After locating "unfolding sorted_arcs_def by auto" in the listing below, copy that line and each one after it exactly, ending with the line that has "using order(2) \<open>f".

"""

lemma region_injective_iff_region_separated:
  assumes P: "partition_on {1..n} P"
  shows "region_injective n J P \<longleftrightarrow> region_separated n J (bumps P)"
proof
  assume "region_injective n J P"
  then show "region_separated n J (bumps P)"
    unfolding region_injective_def region_separated_def by (auto simp: bump_def)
next
  assume sep: "region_separated n J (bumps P)"
  have "\<not> same_region n J a b" if B: "B \<in> P" "a \<in> B" "b \<in> B" "a < b" for B a b
  proof -
    obtain c where c: "bump P a c" "c \<le> b"
      using bump_exists_within_block[OF P B] by blast
    then have "(a, c) \<in> bumps P" "a < c"
      by (simp_all add: bump_def)
    then have "\<not> same_region n J a c" "a < c"
      using sep unfolding region_separated_def by blast+
    with c(2) show ?thesis
      by (meson not_same_region_widen order_refl)
  qed
  then show "region_injective n J P"
    unfolding region_injective_def by (metis linorder_neqE_nat same_region_commute)
qed

text \<open>Lists the J-regions from right to left, and each region in increasing order.\<close>

definition region_rank :: "nat \<Rightarrow> nat set \<Rightarrow> nat \<Rightarrow> int" where
  "region_rank n J x = int ((n + 1) * card {k \<in> {1..<n} - J. x \<le> k} + x)"

lemma region_rank_less_if_same_region:
  assumes "a < b" "same_region n J a b"
  shows "region_rank n J a < region_rank n J b"
proof -
  have "{k \<in> {1..<n} - J. b \<le> k} = {k \<in> {1..<n} - J. a \<le> k}"
    using assms by (auto simp: same_region_iff_no_cut)
  with assms(1) show ?thesis
    by (simp add: region_rank_def)
qed

lemma region_rank_less_if_not_same_region:
  assumes "a < b" "b \<le> n" "\<not> same_region n J a b"
  shows "region_rank n J b < region_rank n J a"
proof -
  let ?C = "\<lambda>x. {k \<in> {1..<n} - J. x \<le> k}"
  obtain k where "k \<in> ?C a" "k \<notin> ?C b"
    using assms(1,3) by (auto simp: same_region_iff_no_cut)
  moreover have "?C b \<subseteq> ?C a"
    using assms(1) by auto
  ultimately have "card (?C b) < card (?C a)"
    by (intro psubset_card_mono) auto
  then have "(n + 1) * Suc (card (?C b)) \<le> (n + 1) * card (?C a)"
    by (intro mult_le_mono2) simp
  with assms(2) have "(n + 1) * card (?C b) + b < (n + 1) * card (?C a) + a"
    by simp
  then show ?thesis
    by (simp only: region_rank_def of_nat_less_iff)
qed

lemma inj_on_region_rank: "inj_on (region_rank n J) {1..n}"
proof (rule inj_onI)
  have neq: "region_rank n J a \<noteq> region_rank n J b" if "a < b" "b \<le> n" for a b
    using that region_rank_less_if_same_region[of a b n J]
      region_rank_less_if_not_same_region[of a b n J]
    by (cases "same_region n J a b") auto
  fix x y assume "x \<in> {1..n}" "y \<in> {1..n}" "region_rank n J x = region_rank n J y"
  with neq[of x y] neq[of y x] show "x = y"
    by (metis atLeastAtMost_iff linorder_neqE_nat)
qed

section \<open>Sorted arc systems\<close>

definition sorted_arcs :: "nat \<Rightarrow> nat set \<Rightarrow> (nat \<Rightarrow> int) \<Rightarrow> (nat \<times> nat) set \<Rightarrow> bool" where
  "sorted_arcs n J f M \<longleftrightarrow>
     (\<forall>a b a' b'. (a, b) \<in> M \<longrightarrow> (a', b') \<in> M \<longrightarrow> a < b' \<longrightarrow> b' < b \<longrightarrow>
        \<not> same_region n J a b' \<longrightarrow> f a' \<le> f a)"

definition arc_weight :: "(nat \<Rightarrow> int) \<Rightarrow> (nat \<times> nat) set \<Rightarrow> int" where
  "arc_weight f M = (\<Sum>(a, b)\<in>M. int b * f a)"

definition arc_endpoints :: "(nat \<times> nat) set \<Rightarrow> nat set \<times> nat set" where
  "arc_endpoints M = (Domain M, Range M)"

lemma arc_weight_exchange:
  assumes "finite M" "(a, b) \<in> M" "(a', b') \<in> M" "(a, b') \<notin> M" "(a', b) \<notin> M" "a \<noteq> a'"
  shows "arc_weight f (insert (a, b') (insert (a', b) (M - {(a, b), (a', b')}))) =
           arc_weight f M + (int b - int b') * (f a' - f a)"
proof -
  let ?g = "\<lambda>(a, b). int b * f a"
  let ?M0 = "M - {(a, b), (a', b')}"
  have "arc_weight f M = sum ?g ?M0 + sum ?g {(a, b), (a', b')}"
    unfolding arc_weight_def using assms(1-3) by (intro sum.subset_diff) auto
  moreover have "sum ?g {(a, b), (a', b')} = int b * f a + int b' * f a'"
    using assms(6) by simp
  moreover have "arc_weight f (insert (a, b') (insert (a', b) ?M0)) =
                   int b' * f a + (int b * f a' + sum ?g ?M0)"
    unfolding arc_weight_def using assms(1,4-6) by simp
  ultimately show ?thesis
    by (simp add: algebra_simps)
qed

lemma exchange_unsorted_arcs:
  assumes M: "arc_system n M" and sep: "region_separated n J M"
    and arcs: "(a, b) \<in> M" "(a', b') \<in> M" and order: "a < b'" "b' < b"
    and region: "\<not> same_region n J a b'"
  defines "M' \<equiv> insert (a, b') (insert (a', b) (M - {(a, b), (a', b')}))"
  shows "arc_system n M'" "region_separated n J M'" "arc_endpoints M' = arc_endpoints M"
    and "arc_weight f M' = arc_weight f M + (int b - int b') * (f a' - f a)"
proof -
  have "a' < b'"
    using arc_systemD(1)[OF M arcs(2)] .
  then have "a' < b"
    using order(2) by simp
  have "a \<noteq> a'"
    using arc_system_right_unique[OF M arcs(1), of b'] arcs(2) order(2) by auto
  have new_arcs: "(a, b') \<notin> M" "(a', b) \<notin> M"
    using arc_system_right_unique[OF M] arcs order(2) by (metis less_irrefl)+
  show "arc_system n M'"
  proof (rule arc_systemI)
    show "M' \<subseteq> {1..n} \<times> {1..n}" "\<And>x y. (x, y) \<in> M' \<Longrightarrow> x < y"
      unfolding M'_def using arcs order(1) \<open>a' < b\<close> arc_systemD[OF M] by auto
    show "y = z" if "(x, y) \<in> M'" "(x, z) \<in> M'" for x y z
      using that \<open>a \<noteq> a'\<close> arc_system_right_unique[OF M] arcs
      unfolding M'_def by blast
    show "x = y" if "(x, z) \<in> M'" "(y, z) \<in> M'" for x y z
      using that order(2) arc_system_left_unique[OF M] arcs
      unfolding M'_def by (blast dest: less_imp_neq)
  qed
  have "\<not> same_region n J a' b"
    using sep arcs(2) not_same_region_widen[of a' a' b' b n J] \<open>a' < b'\<close> order(2)
    unfolding region_separated_def by auto
  then show "region_separated n J M'"
    using sep region unfolding M'_def region_separated_def by auto
  show "arc_endpoints M' = arc_endpoints M"
    unfolding M'_def arc_endpoints_def using arcs by blast
  show "arc_weight f M' = arc_weight f M + (int b - int b') * (f a' - f a)"
    unfolding M'_def using arc_weight_exchange[OF finite_arc_system[OF M] arcs new_arcs \<open>a \<noteq> a'\<close>] .
qed

lemma exists_sorted_arcs:
  assumes "arc_system n M" "region_separated n J M"
  obtains M' where "arc_system n M'" "region_separated n J M'" "sorted_arcs n J f M'"
    "arc_endpoints M' = arc_endpoints M"
proof -
  let ?F = "{M'. arc_system n M' \<and> region_separated n J M' \<and> arc_endpoints M' = arc_endpoints M}"
  have "?F \<subseteq> Pow ({1..n} \<times> {1..n})"
    by (auto simp: arc_system_def)
  then have fin: "finite (arc_weight f ` ?F)"
    by (auto intro: finite_subset)
  have "M \<in> ?F"
    using assms by simp
  then have "Max (arc_weight f ` ?F) \<in> arc_weight f ` ?F"
    using fin by (intro Max_in) auto
  then obtain M' where M': "M' \<in> ?F" "arc_weight f M' = Max (arc_weight f ` ?F)"
    by force
  have "sorted_arcs n J f M'"
  proof (rule ccontr)
    assume "\<not> sorted_arcs n J f M'"
    then obtain a b a' b' where arcs: "(a, b) \<in> M'" "(a', b') \<in> M'" and order: "a < b'" "b' < b"
      and region: "\<not> same_region n J a b'" and "f a < f a'"
      unfolding sorted_arcs_def by auto
    let ?M'' = "insert (a, b') (insert (a', b) (M' - {(a, b), (a', b')}))"
    have "?M'' \<in> ?F"
      using exchange_unsorted_arcs[of n M' J a b a' b'] M'(1) arcs order region by simp
    then have "arc_weight f ?M'' \<le> arc_weight f M'"
      unfolding M'(2) using fin by (intro Max_ge) auto
    moreover have "arc_weight f ?M'' = arc_weight f M' + (int b - int b') * (f a' - f a)"
      using exchange_unsorted_arcs(4)[of n M' J a b a' b'] M'(1) arcs order region by simp
    moreover have "(int b - int b') * (f a' - f a) > 0"
      using order(2) \<open>f a < f a'\<close> by simp
    ultimately show False
      by simp
  qed
  with M'(1) that show ?thesis
    by blast
qed

lemma sorted_arcs_smaller_discrepancy:
  assumes M: "arc_system n M" and N: "arc_system n N" "region_separated n J N"
    and sorted: "sorted_arcs n J f M" and range: "Range M = Range N"
    and arcs: "(a, c) \<in> N" "(a, d) \<in> M" "c < d"
  obtains a' where "(a', c) \<in> M - N" "a' \<noteq> a" "f a' \<le> f a"
proof -
  obtain a' where a': "(a', c) \<in> M"
    using arcs(1) range by blast
  have "a' \<noteq> a"
    using arc_system_right_unique[OF M arcs(2), of c] a' arcs(3) by auto
  moreover have "(a', c) \<notin> N"
    using arc_system_left_unique[OF N(1) arcs(1)] \<open>a' \<noteq> a\<close> by auto
  moreover have "a < c" "\<not> same_region n J a c"
    using arc_systemD(1)[OF N(1) arcs(1)] N(2) arcs(1) unfolding region_separated_def by auto
  then have "f a' \<le> f a"
    using sorted arcs(2,3) a' unfolding sorted_arcs_def by blast
  ultimately show thesis
    using that a' by blast
qed

lemma sorted_arcs_unique:
  assumes f: "inj_on f {1..n}"
    and M1: "arc_system n M1" "region_separated n J M1" "sorted_arcs n J f M1"
    and M2: "arc_system n M2" "region_separated n J M2" "sorted_arcs n J f M2"
    and endpoints: "arc_endpoints M1 = arc_endpoints M2"
  shows "M1 = M2"
proof (rule ccontr)
  assume "M1 \<noteq> M2"
  let ?D = "Domain ((M1 - M2) \<union> (M2 - M1))"
  have "finite ?D"
    using finite_arc_system[OF M1(1)] finite_arc_system[OF M2(1)] by (simp add: finite_Domain)
  moreover have "?D \<noteq> {}"
    using \<open>M1 \<noteq> M2\<close> by auto
  ultimately obtain a where a: "a \<in> ?D" and least: "\<And>x. x \<in> ?D \<Longrightarrow> \<not> f x < f a"
    using ex_is_arg_min_if_finite[of ?D f] unfolding is_arg_min_def by blast
  have D_sub: "?D \<subseteq> {1..n}"
    using arc_systemD(2)[OF M1(1)] arc_systemD(2)[OF M2(1)] by blast
  have no_smaller: False if "a' \<in> ?D" "a' \<noteq> a" "f a' \<le> f a" for a'
    using least[OF that(1)] that inj_onD[OF f, of a' a] D_sub a by force
  have "Domain M1 = Domain M2" "Range M1 = Range M2"
    using endpoints by (simp_all add: arc_endpoints_def)
  then obtain b1 b2 where b: "(a, b1) \<in> M1" "(a, b2) \<in> M2"
    using a by blast
  have "b1 \<noteq> b2"
    using a b arc_system_right_unique[OF M1(1)] arc_system_right_unique[OF M2(1)] by blast
  then consider "b1 < b2" | "b2 < b1"
    by linarith
  then show False
  proof cases
    case 1
    obtain a' where "(a', b1) \<in> M2 - M1" "a' \<noteq> a" "f a' \<le> f a"
      by (rule sorted_arcs_smaller_discrepancy[OF M2(1) M1(1,2) M2(3) \<open>Range M1 = Range M2\<close>[symmetric] b 1])
    then show False
      using no_smaller by blast
  next
    case 2
    obtain a' where "(a', b2) \<in> M1 - M2" "a' \<noteq> a" "f a' \<le> f a"
      by (rule sorted_arcs_smaller_discrepancy[OF M1(1) M2(1,2) M1(3) \<open>Range M1 = Range M2\<close> b(2,1) 2])
    then show False
      using no_smaller by blast
  qed
qed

"""

RESULT OF THIS EXERCISE:
      unfolding sorted_arcs_def by auto
    let ?M'' = "insert (a, b') (insert (a', b) (M' - {(a, b), (a', b')}))"
    have "?M'' \<in> ?F"
      using exchange_unsorted_arcs[of n M' J a b a' b'] M'(1) arcs order region by simp
    then have "arc_weight f ?M'' \<le> arc_weight f M'"
      unfolding M'(2) using fin by (intro Max_ge) auto
    moreover have "arc_weight f ?M'' = arc_weight f M' + (int b - int b') * (f a' - f a)"
      using exchange_unsorted_arcs(4)[of n M' J a b a' b'] M'(1) arcs order region by simp
    moreover have "(int b - int b') * (f a' - f a) > 0"
      using order(2) \<open>f a < f a'\<close> by simp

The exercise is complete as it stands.